Legit messages will have both a From and Envelope-Recipient from the @ups.com, @usps.com or @fedex.com domains.

Example:

Envelope-from="nobody@server4.vedcor.net"

From: FedEx Express Services <providing.us@fedex.com>

Mike Kwilosz · ‎04-12-2012

We currently struggle with the same issue on a daily basis. The best way we've found to resolve this issue is create an Incoming Mail Policy which is based on these senders @fedex.com, @usps.com, and @ups.com and have an Incoming Content Filter attached to this Mail Policy which checks the condition of their SPF record and if the record comes back as any other than PASS the message gets sent to a quarantine for further analysis. So far this seems to have worked fairly well. Only a very small handful of messages ever hit the quarantine that are legitimate. Of course this all relies on the sender having their SPF record setup properly which in some cases (@cisco.com for instance) although they have an SPF record pretty much every place they send from is considered a spoof of their domain so almost all messages hit the quarantine. In these cases we've had to remove the sender domain from the incoming mail policy.

If you hear of a better method or if someone wants to offer a better solution I'm game. Otherwise it feels like a constant cat and mouse game to me.

Thanks,

Mike

charlesleeds · ‎04-13-2012

Mike,

I ended up with two solutions. One was to increase the size of messages I scan from 256k to 768k. A lot of the delivery scams had very large zip attachments and were getting in because they were over 256k.

The other thing I did was create a dictionary named "foil_delivery_notice_scams" and put the domain names ups.com, usps.com, fedex.com and delta.com in it. I check the header for messages "From" containing those domains and a zip attachment. I can't use envelope sender because they forge that - which is how they get around the SPF check.

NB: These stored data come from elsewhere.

lemma prob_ratio_le_erlang_ccdf_ceiling:
  assumes "0 \<le> p" "0 < \<beta>"
  shows "prob {\<omega> \<in> space M. p / J \<omega> \<le> \<beta>} \<le> erlang_ccdf (nat \<lceil>k\<rceil>) (p / (\<theta> * \<beta>))"
proof -
  \<comment> \<open>The null event \<open>J \<le> 0\<close> absorbs the junk value \<open>p / 0 = 0\<close>.\<close>
  have "prob {\<omega> \<in> space M. p / J \<omega> \<le> \<beta>}
      \<le> prob ({\<omega> \<in> space M. J \<omega> \<le> 0} \<union> {\<omega> \<in> space M. p / \<beta> \<le> J \<omega>})"
  proof (intro finite_measure_mono subsetI)
    fix \<omega> assume "\<omega> \<in> {\<omega> \<in> space M. p / J \<omega> \<le> \<beta>}"
    then show "\<omega> \<in> {\<omega> \<in> space M. J \<omega> \<le> 0} \<union> {\<omega> \<in> space M. p / \<beta> \<le> J \<omega>}"
      using assms(2) by (cases "J \<omega> \<le> 0") (auto simp: divide_le_iff_le_divide_pos)
  qed simp
  also have "\<dots> \<le> prob {\<omega> \<in> space M. J \<omega> \<le> 0} + prob {\<omega> \<in> space M. p / \<beta> \<le> J \<omega>}"
    by (intro measure_Un_le) auto
  also have "\<dots> \<le> erlang_ccdf (nat \<lceil>k\<rceil>) ((p / \<beta>) / \<theta>)"
    using prob_J_nonpos prob_J_ge_le_erlang_ccdf[of "p / \<beta>"] assms by simp
  finally show ?thesis
    by (simp add: mult.commute)
qed

end

theorem theorem1:
  fixes M :: "'a measure" and P J :: "'a \<Rightarrow> real" and k \<theta> \<beta> :: real
  assumes "prob_space M"
    and "P \<in> borel_measurable M" and "J \<in> borel_measurable M"
    and "AE \<omega> in M. P \<omega> \<ge> 0"
    and "k > 0" and "\<theta> > 0"
    and "\<And>z. z \<ge> 0 \<Longrightarrow>
           measure M {\<omega> \<in> space M. J \<omega> \<le> z} = 1 - upper_inc_Gamma k (z / \<theta>) / Gamma k"
    and "\<And>z. z < 0 \<Longrightarrow> measure M {\<omega> \<in> space M. J \<omega> \<le> z} = 0"
    and "prob_space.indep_var M borel P borel J"
    and "\<beta> > 0"
  shows "S_sum M P \<theta> \<beta> (nat \<lfloor>k\<rfloor>) \<le> measure M {\<omega> \<in> space M. P \<omega> / J \<omega> \<le> \<beta>}
         \<and> measure M {\<omega> \<in> space M. P \<omega> / J \<omega> \<le> \<beta>} \<le> S_sum M P \<theta> \<beta> (nat \<lceil>k\<rceil>)"
proof -
  interpret gamma_distributed M J k \<theta>
    unfolding gamma_distributed_def gamma_distributed_axioms_def upper_reg_Gamma_def
    using assms(1,3,5,6,7) by simp
  define A where "A = {x \<in> space (borel \<Otimes>\<^sub>M borel). fst x / snd x \<le> \<beta>}"
  have A: "A \<in> sets (borel \<Otimes>\<^sub>M borel)"
    unfolding A_def by measurable
  have integrable: "integrable M (\<lambda>\<omega>. prob {\<omega>' \<in> space M. P \<omega> / J \<omega>' \<le> \<beta>})"
    and ratio: "prob {\<omega> \<in> space M. P \<omega> / J \<omega> \<le> \<beta>}
      = (\<integral>\<omega>. prob {\<omega>' \<in> space M. P \<omega> / J \<omega>' \<le> \<beta>} \<partial>M)"
    using integrable_prob_indep_slice[OF assms(9) A] prob_indep_pair_eq_integral[OF assms(9) A]
    by (simp_all add: A_def space_pair_measure)
  have "0 < \<theta> * \<beta>"
    using assms(6,10) by simp
  note S_sum = S_sum_eq_integral_erlang_ccdf[OF assms(2,4) this]
    and integrable_erlang = integrable_erlang_ccdf[OF assms(2,4) this]
  have "(\<integral>\<omega>. erlang_ccdf (nat \<lfloor>k\<rfloor>) (P \<omega> / (\<theta> * \<beta>)) \<partial>M)
      \<le> (\<integral>\<omega>. prob {\<omega>' \<in> space M. P \<omega> / J \<omega>' \<le> \<beta>} \<partial>M)"
    by (intro integral_mono_AE[OF integrable_erlang integrable])
      (use assms(4) in \<open>eventually_elim, simp add: erlang_ccdf_floor_le_prob_ratio assms(10)\<close>)
  moreover have "(\<integral>\<omega>. prob {\<omega>' \<in> space M. P \<omega> / J \<omega>' \<le> \<beta>} \<partial>M)
      \<le> (\<integral>\<omega>. erlang_ccdf (nat \<lceil>k\<rceil>) (P \<omega> / (\<theta> * \<beta>)) \<partial>M)"
    by (intro integral_mono_AE[OF integrable integrable_erlang])
      (use assms(4) in \<open>eventually_elim, simp add: prob_ratio_le_erlang_ccdf_ceiling assms(10)\<close>)
  ultimately show ?thesis
    unfolding ratio S_sum by simp
qed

A more effective way to do this would be to reject all messages with a From of those domains where the Envelope Sender is forged from a different domain. I don't know how to write that without having a very nasty, spaghetti rule.

Conditions

Apply rule:

Order	Condition	Rule	Delete
1	Other Header	header-dictionary-match("foil_delivery_notice_scams","From", 1)
2	Attachment File Info	attachment-filetype == "Compressed"

Actions

Order	Action	Rule	Delete
1	Send Copy (Bcc:)	bcc ("myaddress@mycompany.com", "[TAGGED DELIVERY SCAM] - $Subject")
Final	Drop (Final Action)	drop()

Thanks

Charles

Mike Kwilosz · ‎04-13-2012

I thought about going the more effective route myself but ran into issues where way too many legitimate senders do not have the same Mail From address as they do Envelope Sender address.

We do use this method though for all of our internal domains. This way if anyone tries to spoof our domains from the outside they are unable too. Of course even in this case we've had to add some specific allows for certain vendors of ours who spoof us when sending into us but so far the message filter shown below has worked very well.

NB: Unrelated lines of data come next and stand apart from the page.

text \<open>The lattices of a simplex lie between L_0 and pi L_0, whose exponent sums differ by 3.\<close>
lemma diagonal_simplex_chain:
  fixes W :: "('a::field fls ^3) set set set"
  assumes "is_simplex W" and diag: "\<forall>v\<in>W. \<exists>e. v = lat_class (diag_lattice e)"
  obtains Es s0 where "W = (\<lambda>e. lat_class (diag_lattice e)) ` Es"
    "\<And>e. e \<in> Es \<Longrightarrow> s0 \<le> exp_sum e \<and> exp_sum e < s0 + 3"
    "\<And>e f. e \<in> Es \<Longrightarrow> f \<in> Es \<Longrightarrow> (\<forall>r. e r \<le> f r) \<or> (\<forall>r. f r \<le> e r)"
proof -
  obtain Ls where Ls: "Ls \<noteq> []" "W = lat_class ` set Ls" "sorted_wrt (\<supset>) Ls"
      "\<forall>L\<in>set Ls. (\<lambda>v. fls_X *s v) ` hd Ls \<subset> L"
    using assms(1) unfolding is_simplex_def by blast
  have "\<exists>e. diag_lattice e = L" if "L \<in> set Ls" for L
    using diag Ls(2) that by (metis image_eqI lat_class_eq_diag_lattice)
  then obtain E where E: "\<And>L. L \<in> set Ls \<Longrightarrow> diag_lattice (E L) = L" by metis
  define e0 where "e0 = E (hd Ls)"
  have hd: "diag_lattice e0 = hd Ls"
    using Ls(1) E by (simp add: e0_def)
  have window: "exp_sum e0 \<le> exp_sum (E L) \<and> exp_sum (E L) < exp_sum e0 + 3"
    if L: "L \<in> set Ls" for L
  proof
    have "diag_lattice (E L) \<subseteq> (diag_lattice e0 :: ('a fls ^3) set)"
      using Ls(1,3) L by (cases Ls) (auto simp: E hd)
    then show "exp_sum e0 \<le> exp_sum (E L)"
      by (simp add: diag_lattice_subset_iff exp_sum_mono)
    have "diag_lattice (\<lambda>r. e0 r + 1) \<subset> (diag_lattice (E L) :: ('a fls ^3) set)"
      using Ls(4) L smult_diag_lattice[of "fls_X :: 'a fls" e0] by (simp add: E[OF L] hd)
    then have "\<forall>r. E L r \<le> e0 r + 1" "E L \<noteq> (\<lambda>r. e0 r + 1)"
      using diag_lattice_subset_iff[of "\<lambda>r. e0 r + 1" "E L", where 'a='a] by auto
    then show "exp_sum (E L) < exp_sum e0 + 3"
      using exp_sum_strict_mono[of "E L" "\<lambda>r. e0 r + 1"] by simp
  qed
  have comparable: "(\<forall>r. E L r \<le> E L' r) \<or> (\<forall>r. E L' r \<le> E L r)"
    if "L \<in> set Ls" "L' \<in> set Ls" for L L'
  proof -
    have "diag_lattice (E L) \<subseteq> (diag_lattice (E L') :: ('a fls ^3) set)
        \<or> diag_lattice (E L') \<subseteq> (diag_lattice (E L) :: ('a fls ^3) set)"
      using sorted_wrt_comparable[OF Ls(3) that] by (auto simp: E that)
    then show ?thesis by (auto simp: diag_lattice_subset_iff)
  qed
  have "W = (\<lambda>e. lat_class (diag_lattice e)) ` E ` set Ls"
    unfolding Ls(2) image_image by (rule image_cong) (simp_all add: E)
  moreover have "exp_sum e0 \<le> exp_sum e \<and> exp_sum e < exp_sum e0 + 3" if "e \<in> E ` set Ls" for e
    using that by (elim imageE) (simp add: window)
  moreover have "(\<forall>r. e r \<le> f r) \<or> (\<forall>r. f r \<le> e r)" if "e \<in> E ` set Ls" "f \<in> E ` set Ls" for e f
    using that by (elim imageE) (simp add: comparable)
  ultimately show thesis by (rule that)
qed

lemma stab_simplex_fixes_diag_vertex:
  fixes W :: "('a::field fls ^3) set set set"
  assumes W: "is_simplex W" "\<forall>v\<in>W. \<exists>e. v = lat_class (diag_lattice e)"
    and g: "g \<in> stab_simplex W" and v: "v \<in> W"
  shows "vact g v = v"
proof -
  obtain Es s0 where Es: "W = (\<lambda>e. lat_class (diag_lattice e)) ` Es"
    and window: "\<And>e. e \<in> Es \<Longrightarrow> s0 \<le> exp_sum e \<and> exp_sum e < s0 + 3"
    and chain: "\<And>e f. e \<in> Es \<Longrightarrow> f \<in> Es \<Longrightarrow> (\<forall>r. e r \<le> f r) \<or> (\<forall>r. f r \<le> e r)"
    using diagonal_simplex_chain[OF W] by blast
  have gA: "g \<in> GL3A" and gW: "vact g ` W = W"
    using g by (auto simp: stab_simplex_def)
  obtain e where e: "e \<in> Es" "v = lat_class (diag_lattice e)"
    using v Es by blast
  obtain f where f: "f \<in> Es" "vact g v = lat_class (diag_lattice f)"
    using gW v Es by (metis imageE image_eqI)
  obtain m where "exp_sum e = exp_sum f + 3 * m"
    using GL3A_vact_diag_lattice[OF gA] e(2) f(2) by metis
  with window[OF e(1)] window[OF f(1)] have "exp_sum e = exp_sum f"
    by presburger
  then have "e = f"
    using chain[OF e(1) f(1)] eq_of_le_exp_sum_eq by metis
  then show ?thesis using e(2) f(2) by simp
qed

lemma pr_stab_simplex_diag:
  fixes W :: "('a::field fls ^3) set set set"
  assumes W: "is_simplex W" "\<forall>v\<in>W. \<exists>e. v = lat_class (diag_lattice e)"
  shows "pr ` stab_simplex W = (\<Inter>v\<in>W. pr ` stab_vertex v)"
proof
  show "pr ` stab_simplex W \<subseteq> (\<Inter>v\<in>W. pr ` stab_vertex v)"
  proof clarify
    fix g v
    assume g: "g \<in> stab_simplex W" and v: "v \<in> W"
    then have "g \<in> stab_vertex v"
      using stab_simplex_fixes_diag_vertex[OF W g v] by (simp add: stab_simplex_def stab_vertex_def)
    then show "pr g \<in> pr ` stab_vertex v" by (rule imageI)
  qed
  show "(\<Inter>v\<in>W. pr ` stab_vertex v) \<subseteq> pr ` stab_simplex W"
  proof
    fix M :: "'a ^3^3"
    assume M: "M \<in> (\<Inter>v\<in>W. pr ` stab_vertex v)"
    have parab: "M \<in> parabolic e" if "lat_class (diag_lattice e) \<in> W" for e
      using M that pr_stab_vertex_diag_lattice[of e] by blast
    have "W \<noteq> {}"
      using W(1) by (auto simp: is_simplex_def)
    then obtain v where "v \<in> W" by blast
    then have "M \<in> GL3F"
      using W(2) parab by (auto simp: parabolic_def)
    moreover have "vact (const_lift M) v = v" if v: "v \<in> W" for v
    proof -
      obtain e where e: "v = lat_class (diag_lattice e)"
        using W(2) v by blast
      then have "M \<in> parabolic e"
        using parab v by simp
      then show ?thesis
        using e by (simp add: vact_lat_class const_lift_image_diag_lattice)
    qed
    ultimately have "const_lift M \<in> stab_simplex W"
      by (simp add: stab_simplex_def const_lift_in_GL3A)
    then show "M \<in> pr ` stab_simplex W"
      using pr_const_lift[of M] by force
  qed
qed

theorem corollary2p10:
  shows "(\<forall>j k :: nat. j \<le> k \<longrightarrow>
            pr ` stab_vertex (vtx j k :: ('a::{finite,field} fls ^3) set set) =
            (if j = 0 \<and> k = 0 then GL3F
             else if j = 0 \<and> j < k then P0
             else if 0 < j \<and> j = k then P2
             else Borel))
       \<and> (\<forall>W :: ('a fls ^3) set set set.
            is_simplex W \<and> card W \<ge> 2 \<and>
            (\<forall>v\<in>W. \<exists>j k :: nat. j \<le> k \<and> v = vtx j k) \<longrightarrow>
            pr ` stab_simplex W = (\<Inter>v\<in>W. pr ` stab_vertex v))"
proof (intro conjI allI impI)
  fix j k :: nat
  assume "j \<le> k"
  then show "pr ` stab_vertex (vtx j k :: ('a fls ^3) set set) =
            (if j = 0 \<and> k = 0 then GL3F
             else if j = 0 \<and> j < k then P0
             else if 0 < j \<and> j = k then P2
             else Borel)"
    by (simp add: vtx_eq_lat_class_diag_lattice pr_stab_vertex_diag_lattice parabolic_vtx_exponents)
next
  fix W :: "('a fls ^3) set set set"
  assume W: "is_simplex W \<and> card W \<ge> 2 \<and> (\<forall>v\<in>W. \<exists>j k :: nat. j \<le> k \<and> v = vtx j k)"
  then have "\<forall>v\<in>W. \<exists>e. v = lat_class (diag_lattice e)"
    by (auto simp: vtx_eq_lat_class_diag_lattice)
  with W show "pr ` stab_simplex W = (\<Inter>v\<in>W. pr ` stab_vertex v)"
    by (intro pr_stab_simplex_diag) simp_all
qed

Basically I reference a dictionary file which has all of our internal domains listed in it. Then I compare it to the HAT RELAYLIST which contains all of the approved sending addresses. Then I wrap it up with an ALLOWEDSPOOF and TLS_Required HAT groups with include exception IPs that are allowed to send as us. If the message doesnt meet this criteria it notifies me with an email and sends the message to a quarantine called Spoofed Domain Names for further analysis. So far its been working like a champ!

AntiSpoofing: if (mail-from-dictionary-match("internal_domain_list", 1)) AND (sendergroup != "RELAYLIST") {

if (sendergroup != "ALLOWEDSPOOF") AND (sendergroup != "TLS_Required") {

notify (youremailaddress@here.com);

quarantine("Spoofed Domain Names");

}

Donald Nash · ‎04-16-2012

This is a shot in the dark. Create three new inbound policies, one each for sender addresses matching @fedex.com, @usps.com, and @ups.com. These will catch messages whose envelope sender is one of those three. Initially set each policy to the same actions as your default policy to preserve that set of behaviors for these messages. Then add a single content filter to each one that makes sure the domain in the From: header matches that the envelope sender. This is the reverse of what you're looking for, and I rather doubt you'll see very many hits this way.

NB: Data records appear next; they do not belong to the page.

lemma preopen_ext_Int_subset:
  assumes "Y \<subseteq> topspace X"
  shows "preopen_ext X Y U \<inter> Y \<subseteq> U"
  unfolding preopen_ext_def using assms closure_of_subset[of "Y - U" X] by auto

lemma subset_preopen_ext:
  assumes "preopen X Y" and "openin (subtopology X Y) U"
  shows "U \<subseteq> preopen_ext X Y U"
proof
  fix y assume "y \<in> U"
  obtain G where G: "openin X G" "U = G \<inter> Y"
    using assms(2) by (auto simp: openin_subtopology)
  then have "y \<notin> X closure_of (Y - U)"
    using \<open>y \<in> U\<close> unfolding in_closure_of by blast
  moreover have "y \<in> X interior_of (X closure_of Y)"
    using assms(1) \<open>y \<in> U\<close> G unfolding preopen_def by blast
  ultimately show "y \<in> preopen_ext X Y U"
    unfolding preopen_ext_def by simp
qed

text \<open>Both remaining properties rest on the density of \<open>Y\<close> in open subsets of
  \<open>cl Y\<close>: such a set has the same closure as its trace on \<open>Y\<close>.\<close>

lemma closure_of_preopen_ext_subset:
  assumes "Y \<subseteq> topspace X"
  shows "X closure_of (preopen_ext X Y U) \<subseteq> X closure_of U"
proof -
  have "X closure_of (preopen_ext X Y U) = X closure_of (preopen_ext X Y U \<inter> Y)"
    using closure_of_openin_Int_superset[of X "preopen_ext X Y U" Y]
    by (simp add: openin_preopen_ext preopen_ext_subset_closure_of)
  also have "\<dots> \<subseteq> X closure_of U"
    using preopen_ext_Int_subset[OF assms] by (rule closure_of_mono)
  finally show ?thesis .
qed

Then, create a content filter that checks for a From: header whose domain is @fedex.com, @usps.com, or @ups.com. Bind this content filter to every other inbound policy. Since all messages whose envelope senders are one of those three will go to one of the policies you just created, anything that lands in another policy will not have those domains in the envelope sender. So if you see a From: header that matches one of those domains, you know it's a spoof.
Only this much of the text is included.